▶ **WORK TASK**
Locate the line bearing "real. f (fst" in the material below, then reproduce it and each following line up to and including the line bearing "real. HV (fst".

▶ **RECORDS FOR THE TASK**
(* Let $n\ge 2$ and $1\le \ell\le n-1$. Let $\mathbf{x}=(x_1,\dots,x_n)$ satisfy $x_1\le\dots\le x_\ell<0\le x_{\ell+1}\le\dots\le x_n$, and let $M=\mathbf{x}^T\mathbf{x}$, with pairwise distinct off-diagonal entries. Then for all $t\in[0,1]$, $\beta_1(t)\le(\ell-1)(n-\ell-1)$, with equality when $G_t(M)$ is the complete bipartite graph $K_{\ell,n-\ell}$ (with parts $\{1,\dots,\ell\}$ and $\{\ell+1,\dots,n\}$). Moreover $\beta_k(t)=0$ for all $k>1$ and all $t\in[0,1]$.
   Context: Betti curves of a symmetric matrix. Let $M$ be a real symmetric $n\times n$ matrix whose $\binom{n}{2}$ off-diagonal entries $M_{ij}$ ($i<j$) are pairwise distinct. The ordering matrix $\widehat{M}$ is defined by $\widehat{M}_{ij}=k$ if $M_{ij}$ is the $k$-th smallest off-diagonal entry. For $t\in[0,1]$, $G_t=G_t(M)$ is the graph on vertex set $\{1,\dots,n\}$ with edge set $\{\{i,j\} : \widehat{M}_{ij}\le t\binom{n}{2}\}$ (so edges are added in increasing order of the entries $M_{ij}$; $G_0$ has no edges and $G_1$ is complete). $X(G_t)$ is the clique complex of $G_t$ (every $k$-clique of $G_t$ is filled in by a $(k-1)$-dimensional simplex). The $i$-th Betti curve of $M$ is $\beta_i(t)=\operatorname{rank} H_i(X(G_t);\mathbf{k})$, with $H_i$ simplicial homology with coefficients in a fixed field $\mathbf{k}$. Here $\mathbf{x}$ is a row vector, so $\mathbf{x}^T\mathbf{x}$ is the $n\times n$ matrix with entries $x_ix_j$. *)

theory Defs
  imports Complex_Main "HOL-Library.Function_Algebras"
begin
lemma tau_Suc: "tau u x0 (Suc i) = tau u x0 i + stepsize u x0 i"
  and state_Suc: "state u x0 (Suc i) = state u x0 i + stepsize u x0 i *\<^sub>R f (state u x0 i)"
  by (simp_all add: tau_def state_def stepsize_def hyb_state_def case_prod_beta Let_def)

lemma hyb_sol_iff: "hyb_sol f \<phi> u x0 t y \<longleftrightarrow> (\<exists>i. tau u x0 i \<le> t \<and> t \<le> tau u x0 (Suc i) \<and>
    y = state u x0 i + (t - tau u x0 i) *\<^sub>R f (state u x0 i))"
  by (simp add: hyb_sol_def tau_def state_def)

lemma stepsize_pos: "0 < stepsize u x0 i"
  by (simp add: stepsize_def step_pos)

lemma tau_sum: "tau u x0 n = (\<Sum>j<n. stepsize u x0 j)"
  by (induction n) (simp_all add: tau_Suc)

lemma tau_mono: "i \<le> j \<Longrightarrow> tau u x0 i \<le> tau u x0 j"
  unfolding tau_sum by (intro sum_mono2 less_imp_le[OF stepsize_pos]) auto

lemma stepsize_le:
  assumes "admissible_input u" shows "stepsize u x0 i \<le> \<phi> (state u x0 i)"
proof -
  have "0 \<le> u (tau u x0 i)"
    using assms tau_mono[of 0 i] by (auto simp: admissible_input_def)
  then show ?thesis using step_pos by (simp add: stepsize_def mult_left_le)
qed

text \<open>Summing the descent estimate over the first n steps.\<close>
lemma V_energy:
  assumes "admissible_input u"
  shows "V (state u x0 n) + (\<Sum>j<n. stepsize u x0 j * \<alpha> (state u x0 j)) \<le> V x0"
proof (induction n)
  case (Suc n)
  have "V (state u x0 (Suc n)) \<le> V (state u x0 n) - stepsize u x0 n * \<alpha> (state u x0 n)"
    unfolding state_Suc using stepsize_pos stepsize_le[OF assms] by (intro descent) (auto intro: less_imp_le)
  then show ?case using Suc by simp
qed simp

lemma V_antimono:
  assumes "admissible_input u" "j \<le> i" shows "V (state u x0 i) \<le> V (state u x0 j)"
  using assms(2)
proof (induction i)
  case (Suc i)
  have "V (state u x0 (Suc i)) \<le> V (state u x0 i) - stepsize u x0 i * \<alpha> (state u x0 i)"
    unfolding state_Suc using stepsize_pos stepsize_le[OF assms(1)] by (intro descent) (auto intro: less_imp_le)
  moreover have "0 \<le> stepsize u x0 i * \<alpha> (state u x0 i)"
    using stepsize_pos rate_nonneg by (simp add: less_imp_le)
  ultimately show ?case using Suc by (cases "j = Suc i") auto
qed simp

lemma V_solution_le_sample:
  assumes "admissible_input u" "hyb_sol f \<phi> u x0 t y"
  obtains i where "V y \<le> V (state u x0 i)" "tau u x0 i \<le> t" "t \<le> tau u x0 (Suc i)"
proof -
  obtain i where i: "tau u x0 i \<le> t" "t \<le> tau u x0 (Suc i)"
    "y = state u x0 i + (t - tau u x0 i) *\<^sub>R f (state u x0 i)"
    using assms(2) unfolding hyb_sol_iff by blast
  have "t - tau u x0 i \<le> \<phi> (state u x0 i)"
    using i(2) stepsize_le[OF assms(1), of x0 i] by (simp add: tau_Suc)
  then have "V y \<le> V (state u x0 i) - (t - tau u x0 i) * \<alpha> (state u x0 i)"
    unfolding i(3) using i(1) by (intro descent) auto
  moreover have "0 \<le> (t - tau u x0 i) * \<alpha> (state u x0 i)"
    using i rate_nonneg by simp
  ultimately have "V y \<le> V (state u x0 i)" by linarith
  then show ?thesis using that i(1,2) by blast
qed

lemma V_solution_le:
  assumes "admissible_input u" "hyb_sol f \<phi> u x0 t y" shows "V y \<le> V x0"
proof -
  obtain i where "V y \<le> V (state u x0 i)" using V_solution_le_sample[OF assms] .
  then show ?thesis using V_antimono[OF assms(1), of 0 i x0] by simp
qed

lemma elapsed_time_above_level:
  assumes adm: "admissible_input u" and k: "\<And>y. m \<le> V y \<Longrightarrow> V y \<le> V x0 \<Longrightarrow> k \<le> \<alpha> y"
    and above: "m \<le> V (state u x0 i)"
  shows "k * tau u x0 (Suc i) \<le> V x0"
proof -
  have "k * tau u x0 (Suc i) = (\<Sum>j<Suc i. stepsize u x0 j * k)"
    unfolding tau_sum sum_distrib_left by (simp add: mult.commute del: sum.lessThan_Suc)
  also have "\<dots> \<le> (\<Sum>j<Suc i. stepsize u x0 j * \<alpha> (state u x0 j))"
  proof (intro sum_mono mult_left_mono k)
    fix j assume "j \<in> {..<Suc i}"
    then show "m \<le> V (state u x0 j)" using above V_antimono[OF adm, of j i x0] by simp
    show "V (state u x0 j) \<le> V x0" using V_antimono[OF adm, of 0 j x0] by simp
  qed (use stepsize_pos in \<open>simp add: less_imp_le\<close>)
  also have "\<dots> \<le> V x0"
    using V_energy[OF adm, of x0 "Suc i"] V_nonneg[of "state u x0 (Suc i)"] by linarith
  finally show ?thesis .
qed

text \<open>The sampling times are unbounded: on the sublevel set of V x0 the step phi is bounded
  below, and on [0, t] the input u is bounded above, so every step before t is uniformly long.\<close>
lemma tau_unbounded:
  assumes "admissible_input u" shows "\<exists>n. t \<le> tau u x0 n"
proof (rule ccontr)
  assume "\<not> ?thesis"
  then have "tau u x0 n < t" for n by (simp add: not_le)
  then have before: "tau u x0 n \<in> {0..t}" for n using tau_mono[of 0 n u x0] by (simp add: less_imp_le)
  define U where "U = Sup (u ` {0..t})"
  have U: "u s \<le> U" if "s \<in> {0..t}" for s
    unfolding U_def using assms that by (intro cSUP_upper) (auto simp: admissible_input_def)
  obtain p where p: "0 < p" "\<And>y. V y \<le> V x0 \<Longrightarrow> p \<le> \<phi> y" using step_lower_bound by blast
  define c where "c = p * exp (- U)"
  have long: "c \<le> stepsize u x0 n" for n
  proof -
    have "exp (- U) \<le> exp (- u (tau u x0 n))" using U[OF before] by simp
    moreover have "p \<le> \<phi> (state u x0 n)" using p(2) V_antimono[OF assms, of 0 n x0] by simp
    ultimately show ?thesis unfolding c_def stepsize_def using p(1) by (intro mult_mono) auto
  qed
  have elapsed: "real n * c \<le> tau u x0 n" for n
    using sum_mono[OF long, of "{..<n}"] by (simp add: tau_sum)
  have "0 < c" using p(1) by (simp add: c_def)
  then obtain n where "t < real n * c" using reals_Archimedean3 by blast
  then show False using elapsed[of n] before[of n] by simp
qed

lemma solutions_exist:
  assumes "admissible_input u" "0 \<le> t" shows "\<exists>y. hyb_sol f \<phi> u x0 t y"
proof -
  obtain n where n: "t \<le> tau u x0 n" "\<And>m. m < n \<Longrightarrow> \<not> t \<le> tau u x0 m"
    using tau_unbounded[OF assms(1)] exists_least_iff[of "\<lambda>n. t \<le> tau u x0 n"] by blast
  have "\<exists>i. tau u x0 i \<le> t \<and> t \<le> tau u x0 (Suc i)"
  proof (cases n)
    case 0
    then show ?thesis using n assms(2) tau_mono[of 0 1] by (intro exI[of _ 0]) auto
  next
    case (Suc i)
    then show ?thesis using n(1) n(2)[of i] by (intro exI[of _ i]) auto
  qed
  then show ?thesis unfolding hyb_sol_iff by blast
qed

lemma uniform_stability:
  assumes "0 < e"
  shows "\<exists>d>0. \<forall>x0 u t y. admissible_input u \<and> norm x0 < d \<and> t \<ge> 0 \<and>
    hyb_sol f \<phi> u x0 t y \<longrightarrow> norm y < e"
proof -
  obtain m where m: "0 < m" "\<And>y. V y < m \<Longrightarrow> norm y < e"
    using V_small_imp_norm_small[OF assms] by blast
  obtain d where d: "0 < d" "\<And>x. dist x 0 < d \<Longrightarrow> dist (V x) (V 0) < m"
    using V_cont m(1) unfolding continuous_on_eq_continuous_at[OF open_UNIV] continuous_at_eps_delta
    by blast
  have "V x0 < m" if "norm x0 < d" for x0 using d(2)[of x0] that V0 V_nonneg[of x0] by simp
  then show ?thesis using d(1) m(2) V_solution_le by (blast intro: le_less_trans)
qed

lemma uniform_boundedness:
  "\<exists>M. \<forall>x0 u t y. admissible_input u \<and> norm x0 \<le> R \<and> t \<ge> 0 \<and>
    hyb_sol f \<phi> u x0 t y \<longrightarrow> norm y \<le> M"
proof -
  obtain c where c: "\<And>x. norm x \<le> R \<Longrightarrow> V x \<le> c" using V_bounded_on_ball by blast
  obtain M where "\<And>y. V y \<le> c \<Longrightarrow> norm y \<le> M"
    using compact_imp_bounded[OF sublevel_compact[of c]] by (auto simp: bounded_iff)
  then show ?thesis using c V_solution_le by (blast intro: order_trans)
qed

text \<open>Once t exceeds c / k + 1, the sample preceding t lies below the level m, because
  staying above m for that long would consume more than the initial value c of V.\<close>
lemma uniform_attractivity:
  assumes "0 < e"
  shows "\<exists>T. \<forall>x0 u t y. admissible_input u \<and> norm x0 \<le> R \<and> t \<ge> T \<and>
    hyb_sol f \<phi> u x0 t y \<longrightarrow> norm y \<le> e"
proof -
  obtain m where m: "0 < m" "\<And>y. V y < m \<Longrightarrow> norm y < e"
    using V_small_imp_norm_small[OF assms] by blast
  obtain c where c: "\<And>x. norm x \<le> R \<Longrightarrow> V x \<le> c" using V_bounded_on_ball by blast
  obtain k where k: "0 < k" "\<And>y. m \<le> V y \<Longrightarrow> V y \<le> c \<Longrightarrow> k \<le> \<alpha> y"
    using rate_lower_bound[OF m(1)] by blast
  have "norm y \<le> e" if adm: "admissible_input u" and x0: "norm x0 \<le> R"
    and t: "c / k + 1 \<le> t" and sol: "hyb_sol f \<phi> u x0 t y" for x0 u t y
  proof -
    obtain i where i: "V y \<le> V (state u x0 i)" "t \<le> tau u x0 (Suc i)"
      using V_solution_le_sample[OF adm sol] by blast
    have "V (state u x0 i) < m"
    proof (rule ccontr)
      assume "\<not> ?thesis"
      then have "k * tau u x0 (Suc i) \<le> V x0"
        using c[OF x0] k(2) by (intro elapsed_time_above_level[OF adm]) auto
      moreover have "k * (c / k + 1) \<le> k * tau u x0 (Suc i)"
        using t i(2) k(1) by (intro mult_left_mono) auto
      moreover have "k * (c / k + 1) = c + k" using k(1) by (simp add: field_simps)
      ultimately show False using k(1) c[OF x0] by linarith
    qed
    then show ?thesis using m(2)[of y] i(1) by simp
  qed
  then show ?thesis by blast
qed

theorem urgas: "URGAS f \<phi>"
  unfolding URGAS_def
  using solutions_exist uniform_stability uniform_boundedness uniform_attractivity by blast

end


section \<open>Explicit Euler for a C^2 Lyapunov function\<close>

locale C2_lyapunov =
  fixes f :: "real^'n \<Rightarrow> real^'n" and V :: "real^'n \<Rightarrow> real"
    and DV :: "real^'n \<Rightarrow> real^'n" and HV :: "real^'n \<Rightarrow> real^'n^'n"
  assumes f_cont: "continuous_on UNIV f" and f0: "f 0 = 0"
    and V_deriv: "\<And>x. (V has_derivative (\<lambda>v. DV x \<bullet> v)) (at x)"
    and DV_deriv: "\<And>x. (DV has_derivative (\<lambda>v. HV x *v v)) (at x)"
    and HV_cont: "continuous_on UNIV HV"
    and V0: "V 0 = 0" and V_pos: "\<And>x. x \<noteq> 0 \<Longrightarrow> V x > 0"
    and V_proper: "filterlim V at_top at_infinity"
    and V_lyap: "\<And>x. x \<noteq> 0 \<Longrightarrow> DV x \<bullet> f x < 0"
begin

definition rate :: "real^'n \<Rightarrow> real" where "rate x = - (DV x \<bullet> f x)"

lemma V_cont: "continuous_on UNIV V"
  by (meson continuous_at_imp_continuous_on has_derivative_continuous V_deriv)

lemma rate_cont: "continuous_on UNIV rate"
proof -
  have "continuous_on UNIV DV"
    by (meson continuous_at_imp_continuous_on has_derivative_continuous DV_deriv)
  then show ?thesis unfolding rate_def by (intro continuous_intros f_cont)
qed

lemma rate_pos: "x \<noteq> 0 \<Longrightarrow> 0 < rate x"
  using V_lyap by (simp add: rate_def)

lemma rate_nonneg: "0 \<le> rate x"
  using rate_pos[of x] f0 by (cases "x = 0") (auto simp: rate_def)

lemma budget_eq: "- 2 * (1 - lam) * (DV x \<bullet> f x) = 2 * (1 - lam) * rate x"
  by (simp add: rate_def algebra_simps)

definition curvature :: "(real^'n) \<times> real \<Rightarrow> real" where
  "curvature p = f (fst p) \<bullet> (HV (fst p + snd p *\<^sub>R f (fst p)) *v f (fst p))"

lemma curvature_cont: "continuous_on UNIV curvature"
proof -
  have cf: "continuous_on UNIV (\<lambda>p::(real^'n) \<times> real. f (fst p))"
    by (rule continuous_on_compose2[OF f_cont]) (auto intro!: continuous_intros)
  have "continuous_on UNIV (\<lambda>p::(real^'n) \<times> real. HV (fst p + snd p *\<^sub>R f (fst p)))"
    by (rule continuous_on_compose2[OF HV_cont]) (auto intro!: continuous_intros cf)
  then show ?thesis
    unfolding curvature_def matrix_vector_mult_def by (intro continuous_intros cf)
qed

lemma q_fun_curvature: "q_fun f HV r x = Sup ((\<lambda>h. curvature (x, h)) ` {0..r})"
  by (simp add: q_fun_def curvature_def)

lemma q_fun_cont: "0 \<le> r \<Longrightarrow> continuous_on UNIV (q_fun f HV r)"
  unfolding q_fun_curvature[abs_def] by (rule continuous_on_Sup_Icc[OF curvature_cont])

lemma q_fun_upper:
  assumes "s \<in> {0..r}" shows "f x \<bullet> (HV (x + s *\<^sub>R f x) *v f x) \<le> q_fun f HV r x"
proof -
  have "bdd_above ((\<lambda>h. curvature (x, h)) ` {0..r})"
    by (intro bounded_imp_bdd_above compact_imp_bounded compact_continuous_image compact_Icc
        continuous_on_compose2[OF curvature_cont]) (auto intro!: continuous_intros)
  then show ?thesis
    using cSUP_upper[OF assms] by (simp add: q_fun_curvature curvature_def)
qed
lemma pd2_embedding:
  "pd j (pd i (\<lambda>v. hopf_embedding J (\<phi> v))) u
    = hopf_embedding_deriv J p (pd j (pd i \<phi>) u) + (0, (1/2) *\<^sub>R hopf_bilinear J (pd i \<phi> u) (pd j \<phi> u))"
proof -
  have "pd j (pd i (\<lambda>v. hopf_embedding J (\<phi> v))) u
      = pd j (\<lambda>v. (pd i \<phi> v, (1/2) *\<^sub>R hopf_bilinear J (\<phi> v) (pd i \<phi> v))) u"
    by (rule pd_cong_open[OF open_U u]) (simp add: pd_embedding hopf_embedding_deriv_def)
  also have "\<dots> = (pd j (pd i \<phi>) u,
      (1/2) *\<^sub>R (hopf_bilinear J (pd j \<phi> u) (pd i \<phi> u) + hopf_bilinear J p (pd j (pd i \<phi>) u)))"
  proof -
    have "(\<lambda>v. hopf_bilinear J (\<phi> v) (pd i \<phi> v)) differentiable (at u)"
      by (rule bounded_bilinear_differentiable[OF bounded_bilinear_hopf_bilinear
            differentiable_phi[OF u] differentiable_pd_phi[OF u]])
    then show ?thesis
      by (simp add: pd_Pair differentiable_pd_phi[OF u] pd_scaleR_right
          pd_bounded_bilinear[OF bounded_bilinear_hopf_bilinear] differentiable_phi u)
  qed
  finally show ?thesis
    by (simp add: hopf_embedding_deriv_def scaleR_add_right hopf_bilinear_commute[of J "pd j \<phi> u"])
qed

lemma smooth_embedding: "smooth_on U (\<lambda>v. hopf_embedding J (\<phi> v))"
proof -
  have "smooth_on U (\<lambda>v. hopf_bilinear J ((1/4) *\<^sub>R \<phi> v) (\<phi> v))"
    by (rule smooth_on_bounded_bilinear[OF bounded_bilinear.comp1[OF bounded_bilinear_hopf_bilinear
          bounded_linear_scaleR_right] open_U smooth smooth])
  then show ?thesis
    unfolding hopf_embedding_def
    by (intro smooth_on_Pair[OF open_U smooth]) (simp add: hopf_bilinear_simps)
qed

lemma metric_matrix_eq:
  assumes v: "v \<in> U"
  shows "metric_matrix \<phi> (\<lambda>v. hopf J (\<phi> v)) v
    = (\<chi> i j. pd i (\<lambda>v. hopf_embedding J (\<phi> v)) v \<bullet> pd j (\<lambda>v. hopf_embedding J (\<phi> v)) v)"
proof -
  have "((\<lambda>v. hopf J (\<phi> v)) has_derivative (\<lambda>h. J *v frechet_derivative \<phi> (at v) h)) (at v)"
    unfolding hopf_def
    by (rule bounded_linear.has_derivative[OF matrix_vector_mul_bounded_linear
          differentiable_phi[OF v, unfolded frechet_derivative_works]])
  then have "pd i (\<lambda>v. hopf J (\<phi> v)) v = J *v pd i \<phi> v" for i
    by (simp add: has_derivative_imp_pd) (simp add: pd_def)
  then have "sasaki_pullback \<phi> (\<lambda>v. hopf J (\<phi> v)) v (axis i 1) (axis j 1)
      = pd i (\<lambda>v. hopf_embedding J (\<phi> v)) v \<bullet> pd j (\<lambda>v. hopf_embedding J (\<phi> v)) v" for i j
    unfolding sasaki_pullback_def pd_def[symmetric]
    using inner_tproj_J[OF phi_inner_self[OF v] pd_phi_orthogonal[OF v] pd_phi_orthogonal[OF v]]
      inner_hopf_embedding_deriv[OF phi_inner_self[OF v] pd_phi_orthogonal[OF v] pd_phi_orthogonal[OF v]]
    by (simp add: pd_embedding v)
  then show ?thesis
    by (simp add: metric_matrix_def)
qed

sublocale embedding: immersion U "\<lambda>v. hopf_embedding J (\<phi> v)" "metric_matrix \<phi> (\<lambda>v. hopf J (\<phi> v))"
proof
  show "inj (frechet_derivative (\<lambda>v. hopf_embedding J (\<phi> v)) (at v))" if "v \<in> U" for v
    using inj_derivative that
    by (auto simp: inj_def frechet_derivative_embedding hopf_embedding_deriv_def)
qed (simp_all add: open_U smooth_embedding metric_matrix_eq)

lemma second_derivative_embedding:
  "second_derivative (\<lambda>v. hopf_embedding J (\<phi> v)) u x y
    = sphere_hessian J p (D x) (D y) + hopf_embedding_deriv J p (second_derivative \<phi> u x y + (D x \<bullet> D y) *\<^sub>R p)"
proof -
  interpret hb: bounded_bilinear "hopf_bilinear J" by (rule bounded_bilinear_hopf_bilinear)
  have "(\<Sum>i\<in>UNIV. \<Sum>j\<in>UNIV. (x$i * y$j) *\<^sub>R (0, (1/2) *\<^sub>R hopf_bilinear J (pd i \<phi> u) (pd j \<phi> u)))
      = (0, (1/2) *\<^sub>R hopf_bilinear J (D x) (D y))"
    by (simp add: prod_eq_iff fst_sum snd_sum derivative_eq_sum hb.sum_left hb.sum_right
        hb.scaleR_left hb.scaleR_right scaleR_sum_right) (subst sum.swap, simp add: mult.commute)
  then have "second_derivative (\<lambda>v. hopf_embedding J (\<phi> v)) u x y
      = hopf_embedding_deriv J p (second_derivative \<phi> u x y) + (0, (1/2) *\<^sub>R hopf_bilinear J (D x) (D y))"
    by (simp add: second_derivative_def pd2_embedding hopf_embedding_deriv_simps scaleR_add_right sum.distrib)
  then show ?thesis
    by (simp add: sphere_hessian_def hopf_embedding_deriv_simps algebra_simps)
qed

▶ **RESPONSE**
  have cf: "continuous_on UNIV (\<lambda>p::(real^'n) \<times> real. f (fst p))"
    by (rule continuous_on_compose2[OF f_cont]) (auto intro!: continuous_intros)
  have "continuous_on UNIV (\<lambda>p::(real^'n) \<times> real. HV (fst p + snd p *\<^sub>R f (fst p)))"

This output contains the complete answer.